(* Let $\mathcal C$ be a Clifford circuit, $\rho$ an input state and $F\in\overline{\mathcal P}_{n(\Delta+1)}$ a fault operator. Define $f\in\mathbb Z_2^m$ by $f_j=[\overrightarrow F_{\ell_j-0.5},S_j]$ and let $E$ be a Hermitian representative of $\overrightarrow F_{\Delta+0.5}$. Then for all $o\in\mathbb Z_2^m$, $\mathbb P^{(F)}_{\mathcal C,\rho}(o)=\mathbb P_{\mathcal C,\rho}(o+f)$ and $\rho^{(F)}_o=E\rho_{o+f}E$.
   Context: A Clifford circuit $\mathcal C$ on $n$ qubits is a finite sequence of operations, each either a unitary Clifford gate or the measurement of a Hermitian $n$-qubit Pauli, each with a level in $\{1,2,\dots\}$; operations of equal level have disjoint supports and levels are nondecreasing. Depth $\Delta$ = maximal level. In circuit order the $j$-th measurement measures $S_j$ at level $\ell_j$ ($j=1,\dots,m$); outcome $o_j=0$ for eigenvalue $+1$, $1$ for $-1$. $\overline{\mathcal P}_N$ is the $N$-qubit Pauli group modulo phases; $[P,Q]\in\mathbb Z_2$ is $0$ iff $P,Q$ commute. $U_\ell$ is the product of the unitary gates of level $\ell$ (identity if none). A fault operator $F\in\overline{\mathcal P}_{n(\Delta+1)}$ acts on qubits $(\ell+0.5,q)$, $0\le\ell\le\Delta$, $1\le q\le n$; $F_{\ell+0.5}\in\overline{\mathcal P}_n$ is its component on level $\ell+0.5$. The cumulant $\overrightarrow F$ is obtained from $F$ by, for $\ell=1,\dots,\Delta$ in order, replacing $\overrightarrow F_{\ell+0.5}$ by $\overrightarrow F_{\ell+0.5}\cdot U_\ell\overrightarrow F_{\ell-0.5}U_\ell^{-1}$. Running $\mathcal C$ with faults $F$ on input $\rho$ means: apply $F_{0.5}$ to the input, then for $\ell=1,\dots,\Delta$ apply all level-$\ell$ operations and then the Pauli $F_{\ell+0.5}$. $\mathbb P^{(F)}_{\mathcal C,\rho}(o)$ is the probability of outcome bit-string $o$ and $\rho^{(F)}_o$ the final state conditioned on outcome $o$; $\mathbb P_{\mathcal C,\rho}$ and $\rho_o$ denote these for the fault-free run ($F=I$). *)

theory Defs
  imports "Jordan_Normal_Form.Schur_Decomposition"
begin

datatype pauli1 = PI | PX | PY | PZ

text \<open>An n-qubit Pauli modulo phases is a list of n single-qubit letters.\<close>
type_synonym pauli = "pauli1 list"

definition is_pauli :: "nat \<Rightarrow> pauli \<Rightarrow> bool" where
  "is_pauli n P \<longleftrightarrow> length P = n"

fun sigma :: "pauli1 \<Rightarrow> bool \<Rightarrow> bool \<Rightarrow> complex" where
  "sigma PI a b = (if a = b then 1 else 0)"
| "sigma PX a b = (if a \<noteq> b then 1 else 0)"
| "sigma PY a b = (if a = b then 0 else if a then \<i> else - \<i>)"
| "sigma PZ a b = (if a = b then (if a then -1 else 1) else 0)"

text \<open>The tensor product of the letters, as a 2^n x 2^n matrix; qubit q
  corresponds to bit q of the basis index.\<close>
definition pauli_mat :: "nat \<Rightarrow> pauli \<Rightarrow> complex mat" where
  "pauli_mat n P = mat (2^n) (2^n)
     (\<lambda>(i, j). \<Prod>q<n. sigma (P ! q) (odd (i div 2^q)) (odd (j div 2^q)))"

text \<open>Product modulo phases.\<close>
fun mult1 :: "pauli1 \<Rightarrow> pauli1 \<Rightarrow> pauli1" where
  "mult1 PI b = b"
| "mult1 a PI = a"
| "mult1 PX PX = PI" | "mult1 PY PY = PI" | "mult1 PZ PZ = PI"
| "mult1 PX PY = PZ" | "mult1 PY PX = PZ"
| "mult1 PX PZ = PY" | "mult1 PZ PX = PY"
| "mult1 PY PZ = PX" | "mult1 PZ PY = PX"

definition pauli_mult :: "pauli \<Rightarrow> pauli \<Rightarrow> pauli" where
  "pauli_mult P Q = map2 mult1 P Q"

text \<open>Commutator [P,Q] in Z_2 (True = anticommute).\<close>
definition anticomm1 :: "pauli1 \<Rightarrow> pauli1 \<Rightarrow> bool" where
  "anticomm1 a b \<longleftrightarrow> a \<noteq> PI \<and> b \<noteq> PI \<and> a \<noteq> b"

definition pauli_comm :: "pauli \<Rightarrow> pauli \<Rightarrow> bool" where
  "pauli_comm P Q \<longleftrightarrow> odd (card {q. q < min (length P) (length Q) \<and> anticomm1 (P ! q) (Q ! q)})"

definition single_pauli :: "nat \<Rightarrow> nat \<Rightarrow> pauli1 \<Rightarrow> pauli" where
  "single_pauli n q a = (replicate n PI)[q := a]"

definition mat_trace :: "complex mat \<Rightarrow> complex" where
  "mat_trace A = (\<Sum>i<dim_row A. A $$ (i, i))"

definition unitary :: "nat \<Rightarrow> complex mat \<Rightarrow> bool" where
  "unitary d U \<longleftrightarrow> U \<in> carrier_mat d d \<and> U * mat_adjoint U = 1\<^sub>m d \<and> mat_adjoint U * U = 1\<^sub>m d"

definition hermitian :: "complex mat \<Rightarrow> bool" where
  "hermitian A \<longleftrightarrow> mat_adjoint A = A"

definition density_mat :: "nat \<Rightarrow> complex mat \<Rightarrow> bool" where
  "density_mat n \<rho> \<longleftrightarrow> \<rho> \<in> carrier_mat (2^n) (2^n) \<and> hermitian \<rho> \<and>
     (\<forall>v \<in> carrier_vec (2^n). Re (conjugate v \<bullet> (\<rho> *\<^sub>v v)) \<ge> 0) \<and> mat_trace \<rho> = 1"

definition clifford_gate :: "nat \<Rightarrow> complex mat \<Rightarrow> bool" where
  "clifford_gate n U \<longleftrightarrow> unitary (2^n) U \<and>
     (\<forall>P. is_pauli n P \<longrightarrow> (\<exists>Q c. is_pauli n Q \<and>
        U * pauli_mat n P * mat_adjoint U = c \<cdot>\<^sub>m pauli_mat n Q))"

definition clifford_conj :: "nat \<Rightarrow> complex mat \<Rightarrow> pauli \<Rightarrow> pauli" where
  "clifford_conj n U P = (SOME Q. is_pauli n Q \<and>
     (\<exists>c. U * pauli_mat n P * mat_adjoint U = c \<cdot>\<^sub>m pauli_mat n Q))"

text \<open>Support: qubits on which an operator acts non-trivially.  A unitary acts
  trivially on qubit q iff it commutes with X_q and Z_q.\<close>
definition gate_support :: "nat \<Rightarrow> complex mat \<Rightarrow> nat set" where
  "gate_support n U = {q. q < n \<and>
     (U * pauli_mat n (single_pauli n q PX) \<noteq> pauli_mat n (single_pauli n q PX) * U \<or>
      U * pauli_mat n (single_pauli n q PZ) \<noteq> pauli_mat n (single_pauli n q PZ) * U)}"

definition pauli_support :: "pauli \<Rightarrow> nat set" where
  "pauli_support P = {q. q < length P \<and> P ! q \<noteq> PI}"

text \<open>A measurement of the Hermitian Pauli (-1)^s P; the Boolean is the sign bit.\<close>
datatype operation = Gate "complex mat" | Meas bool pauli

type_synonym circuit = "(nat \<times> operation) list"  \<comment> \<open>(level, operation)\<close>

definition meas_mat :: "nat \<Rightarrow> bool \<Rightarrow> pauli \<Rightarrow> complex mat" where
  "meas_mat n s P = (if s then -1 else 1) \<cdot>\<^sub>m pauli_mat n P"

fun op_support :: "nat \<Rightarrow> operation \<Rightarrow> nat set" where
  "op_support n (Gate U) = gate_support n U"
| "op_support n (Meas s P) = pauli_support P"

fun op_ok :: "nat \<Rightarrow> operation \<Rightarrow> bool" where
  "op_ok n (Gate U) = clifford_gate n U"
| "op_ok n (Meas s P) = is_pauli n P"

definition clifford_circuit :: "nat \<Rightarrow> circuit \<Rightarrow> bool" where
  "clifford_circuit n C \<longleftrightarrow>
     (\<forall>(l, op) \<in> set C. l \<ge> 1 \<and> op_ok n op) \<and>
     sorted (map fst C) \<and>
     (\<forall>i j. i < length C \<and> j < length C \<and> i \<noteq> j \<and> fst (C ! i) = fst (C ! j) \<longrightarrow>
        op_support n (snd (C ! i)) \<inter> op_support n (snd (C ! j)) = {})"

definition depth :: "circuit \<Rightarrow> nat" where
  "depth C = Max (insert 0 (fst ` set C))"

definition measurements :: "circuit \<Rightarrow> (nat \<times> bool \<times> pauli) list" where
  "measurements C = concat (map (\<lambda>(l, op). case op of Meas s P \<Rightarrow> [(l, s, P)] | Gate U \<Rightarrow> []) C)"

definition num_meas :: "circuit \<Rightarrow> nat" where
  "num_meas C = length (measurements C)"

text \<open>U_l: product of the level-l gates (later gates applied after earlier ones).\<close>
definition level_unitary :: "nat \<Rightarrow> circuit \<Rightarrow> nat \<Rightarrow> complex mat" where
  "level_unitary n C l = foldl (\<lambda>A (k, op). case op of Gate V \<Rightarrow> if k = l then V * A else A
                                                  | Meas s P \<Rightarrow> A) (1\<^sub>m (2^n)) C"

text \<open>A fault operator: F l is its component at level l + 0.5, l = 0..depth.\<close>
type_synonym fault = "nat \<Rightarrow> pauli"

definition is_fault :: "nat \<Rightarrow> circuit \<Rightarrow> fault \<Rightarrow> bool" where
  "is_fault n C F \<longleftrightarrow> (\<forall>l \<le> depth C. is_pauli n (F l))"

text \<open>Cumulant: cumulant n C F l is the component at level l + 0.5.\<close>
fun cumulant :: "nat \<Rightarrow> circuit \<Rightarrow> fault \<Rightarrow> nat \<Rightarrow> pauli" where
  "cumulant n C F 0 = F 0"
| "cumulant n C F (Suc l) =
     pauli_mult (F (Suc l)) (clifford_conj n (level_unitary n C (Suc l)) (cumulant n C F l))"

datatype step = UStep "complex mat" | MStep "complex mat"

definition proj :: "nat \<Rightarrow> complex mat \<Rightarrow> bool \<Rightarrow> complex mat" where
  "proj n A b = (1 / 2 :: complex) \<cdot>\<^sub>m (1\<^sub>m (2^n) + (if b then -1 else 1) \<cdot>\<^sub>m A)"

text \<open>Unnormalised post-measurement state; outcomes consumed in order
  (False = outcome 0 = eigenvalue +1).\<close>
fun exec :: "nat \<Rightarrow> step list \<Rightarrow> bool list \<Rightarrow> complex mat \<Rightarrow> complex mat" where
  "exec n [] os \<rho> = \<rho>"
| "exec n (UStep V # ss) os \<rho> = exec n ss os (V * \<rho> * mat_adjoint V)"
| "exec n (MStep A # ss) (b # os) \<rho> = exec n ss os (proj n A b * \<rho> * proj n A b)"
| "exec n (MStep A # ss) [] \<rho> = 0\<^sub>m (2^n) (2^n)"

definition op_step :: "nat \<Rightarrow> operation \<Rightarrow> step" where
  "op_step n op = (case op of Gate U \<Rightarrow> UStep U | Meas s P \<Rightarrow> MStep (meas_mat n s P))"

definition faulty_steps :: "nat \<Rightarrow> circuit \<Rightarrow> fault \<Rightarrow> step list" where
  "faulty_steps n C F = UStep (pauli_mat n (F 0)) #
     concat (map (\<lambda>l. map (op_step n \<circ> snd) (filter (\<lambda>x. fst x = l) C) @ [UStep (pauli_mat n (F l))])
                 [1..<Suc (depth C)])"

definition no_fault :: "nat \<Rightarrow> fault" where
  "no_fault n = (\<lambda>l. replicate n PI)"

definition prob_F :: "nat \<Rightarrow> circuit \<Rightarrow> fault \<Rightarrow> complex mat \<Rightarrow> bool list \<Rightarrow> real" where
  "prob_F n C F \<rho> os = Re (mat_trace (exec n (faulty_steps n C F) os \<rho>))"

definition state_F :: "nat \<Rightarrow> circuit \<Rightarrow> fault \<Rightarrow> complex mat \<Rightarrow> bool list \<Rightarrow> complex mat" where
  "state_F n C F \<rho> os = complex_of_real (1 / prob_F n C F \<rho> os) \<cdot>\<^sub>m exec n (faulty_steps n C F) os \<rho>"

definition prob :: "nat \<Rightarrow> circuit \<Rightarrow> complex mat \<Rightarrow> bool list \<Rightarrow> real" where
  "prob n C \<rho> os = prob_F n C (no_fault n) \<rho> os"

definition state :: "nat \<Rightarrow> circuit \<Rightarrow> complex mat \<Rightarrow> bool list \<Rightarrow> complex mat" where
  "state n C \<rho> os = state_F n C (no_fault n) \<rho> os"

text \<open>Syndrome-flip vector f: f_j = [cumulant at level l_j - 0.5, S_j].\<close>
definition flip_vector :: "nat \<Rightarrow> circuit \<Rightarrow> fault \<Rightarrow> bool list" where
  "flip_vector n C F = map (\<lambda>(l, s, P). pauli_comm (cumulant n C F (l - 1)) P) (measurements C)"

definition xor_list :: "bool list \<Rightarrow> bool list \<Rightarrow> bool list" where
  "xor_list a b = map2 (\<noteq>) a b"

end

(*
  Push the faults through the circuit one level at a time.  By induction on the level L,
  the faulty run up to level L equals the fault-free run with the measurement outcomes
  flipped by f, conjugated by the Pauli matrix of the cumulant at level L + 0.5.
  A Pauli W is pushed through a level as follows: a gate V replaces it by V W V^-1, and a
  projector (1 + (-1)^b S)/2 passes W with b replaced by b + [W, S].  Gates and measurements
  of one level act on disjoint qubits, so the gates of a level commute with the measured
  Paulis, and [W, S] may be computed with W the cumulant before the level.  After the level,
  W is U_l P U_l^-1 = c Q with Q = clifford_conj of P, and the new fault F_(l+0.5) multiplies it;
  conjugations ignore unit phases.  Conjugating by a Pauli preserves the trace, which gives the
  statement about probabilities.
*)
theory Submission
  imports Defs
begin

section \<open>Bit-indexed tensor products and adjoints\<close>

lemma odd_div_pow2_add_high:
  fixes k q n :: nat
  assumes "q < n"
  shows "odd ((2^n + k) div 2^q) = odd (k div 2^q)"
proof -
  have "(2::nat)^n = 2^q * 2^(n-q)" using assms by (simp add: power_add[symmetric])
  then have "(2^n + k) div 2^q = 2^(n-q) + k div 2^q" by simp
  then show ?thesis using assms by simp
qed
════════
Count, and answer with the number only: how many lines of the data include the string "case"?

3